--- Task statement ---
All lines in the entries below that hold "only" make up the answer.
---------- Information shown
lemma bounded_All_dichotomy_open:
  assumes "Delta0 B" and dec: "HA_decidable B"
  shows "HA [] (Disj (All (Imp (Lt (Var 0) (Var 1)) (fm_subst (up shift_sub) B)))
                     (Ex (Conj (Lt (Var 0) (Var 1)) (Neg (fm_subst (up shift_sub) B)))))"
    (is "HA [] ?C")
proof (rule Sigma1_induct_open)
  have "Delta0 (Disj (BAll (Var 0) (fm_subst (up shift_sub) B)) (BEx (Var 0) (Neg (fm_subst (up shift_sub) B))))"
    by (intro Delta0.intros Delta0_fm_subst \<open>Delta0 B\<close>)
  then show "Sigma1 ?C" by (simp add: BAll_def BEx_def Sigma1.intros)
  show "HA [] (inst Zero ?C)"
    by (simp add: inst_eq) (rule ND.DisjI1, rule ND.AllI, rule ND.ImpI, rule Lt_Zero_E, rule hyp0)
  show "HA [] (Imp ?C (fm_subst succ_sub ?C))"
    apply simp
    apply (rule ND.ImpI)
    apply (rule ND.DisjE[OF hyp0])
     apply (rule ND.DisjE[OF ND_Nil_weaken[OF dec]])
      apply (rule ND.DisjI1, rule ND.AllI, rule ND.ImpI)
      apply (rule Lt_SucE[OF hyp0])
       apply (rule ND.ImpE[OF ND_AllE_lift[of _ _ _ "Imp (Lt (Var 0) (Var (Suc 0))) (fm_subst (up shift_sub) B)"]])
        apply (rule ND.Hyp, simp)
       apply (rule hyp0)
      apply (rule ND_EqSubst'[OF Eq_sym[OF hyp0], where A="fm_subst eq_motive_sub B" and X="lift B"])
        apply (rule ND.Hyp, simp)
       apply simp
      apply simp
     apply (rule ND.DisjI2, rule ND.ExI[where t="Var 0"])
     apply (simp add: inst_eq)
     apply (rule ND.ConjI, rule Lt_Suc_self, rule hyp0)
    apply (rule ND.ExE[OF hyp0])
    apply (simp only: lift_Disj)
    apply (rule ND.DisjI2, rule ND_ExI_lift, rule ND.ConjI)
     apply (rule Lt_SucI1, rule ND.ConjE1, rule hyp0)
    apply (rule ND.ConjE2, rule hyp0)
    done
qed

lemma bounded_Ex_dichotomy_open:
  assumes "Delta0 B" and dec: "HA_decidable B"
  shows "HA [] (Disj (Ex (Conj (Lt (Var 0) (Var 1)) (fm_subst (up shift_sub) B)))
                     (All (Imp (Lt (Var 0) (Var 1)) (Neg (fm_subst (up shift_sub) B)))))"
    (is "HA [] ?C")
proof (rule Sigma1_induct_open)
  have "Delta0 (Disj (BEx (Var 0) (fm_subst (up shift_sub) B)) (BAll (Var 0) (Neg (fm_subst (up shift_sub) B))))"
    by (intro Delta0.intros Delta0_fm_subst \<open>Delta0 B\<close>)
  then show "Sigma1 ?C" by (simp add: BAll_def BEx_def Sigma1.intros)
  show "HA [] (inst Zero ?C)"
    by (simp add: inst_eq) (rule ND.DisjI2, rule ND.AllI, rule ND.ImpI, rule Lt_Zero_E, rule hyp0)
  show "HA [] (Imp ?C (fm_subst succ_sub ?C))"
    apply simp
    apply (rule ND.ImpI)
    apply (rule ND.DisjE[OF hyp0])
     apply (rule ND.ExE[OF hyp0])
     apply (simp only: lift_Disj)
     apply (rule ND.DisjI1, rule ND_ExI_lift, rule ND.ConjI)
      apply (rule Lt_SucI1, rule ND.ConjE1, rule hyp0)
     apply (rule ND.ConjE2, rule hyp0)
    apply (rule ND.DisjE[OF ND_Nil_weaken[OF dec]])
     apply (rule ND.DisjI1, rule ND.ExI[where t="Var 0"])
     apply (simp add: inst_eq)
     apply (rule ND.ConjI, rule Lt_Suc_self, rule hyp0)
    apply (rule ND.DisjI2, rule ND.AllI, rule ND.ImpI)
    apply (rule Lt_SucE[OF hyp0])
     apply (rule ND.ImpE[OF ND_AllE_lift[of _ _ _ "Imp (Lt (Var 0) (Var (Suc 0))) (Neg (fm_subst (up shift_sub) B))"]])
      apply (rule ND.Hyp, simp)
     apply (rule hyp0)
    apply (rule ND_EqSubst'[OF Eq_sym[OF hyp0], where A="Neg (fm_subst eq_motive_sub B)" and X="lift (Neg B)"])
      apply (rule ND.Hyp, simp)
     apply (simp add: lift_Imp lift_Bot)
    apply simp
    done
qed

lemma BAll_or_BEx_Neg: "Delta0 B \<Longrightarrow> HA_decidable B \<Longrightarrow> HA \<Gamma> (Disj (BAll t B) (BEx t (Neg B)))"
  using ND_axioms0_fm_subst_Nil[OF bounded_All_dichotomy_open, of B \<Gamma> "inst_sub t"]
  by (simp add: BAll_def BEx_def)

lemma BEx_or_BAll_Neg: "Delta0 B \<Longrightarrow> HA_decidable B \<Longrightarrow> HA \<Gamma> (Disj (BEx t B) (BAll t (Neg B)))"
  using ND_axioms0_fm_subst_Nil[OF bounded_Ex_dichotomy_open, of B \<Gamma> "inst_sub t"]
  by (simp add: BAll_def BEx_def)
--------------------
--- Exercise result ---
    apply (simp only: lift_Disj)
     apply (simp only: lift_Disj)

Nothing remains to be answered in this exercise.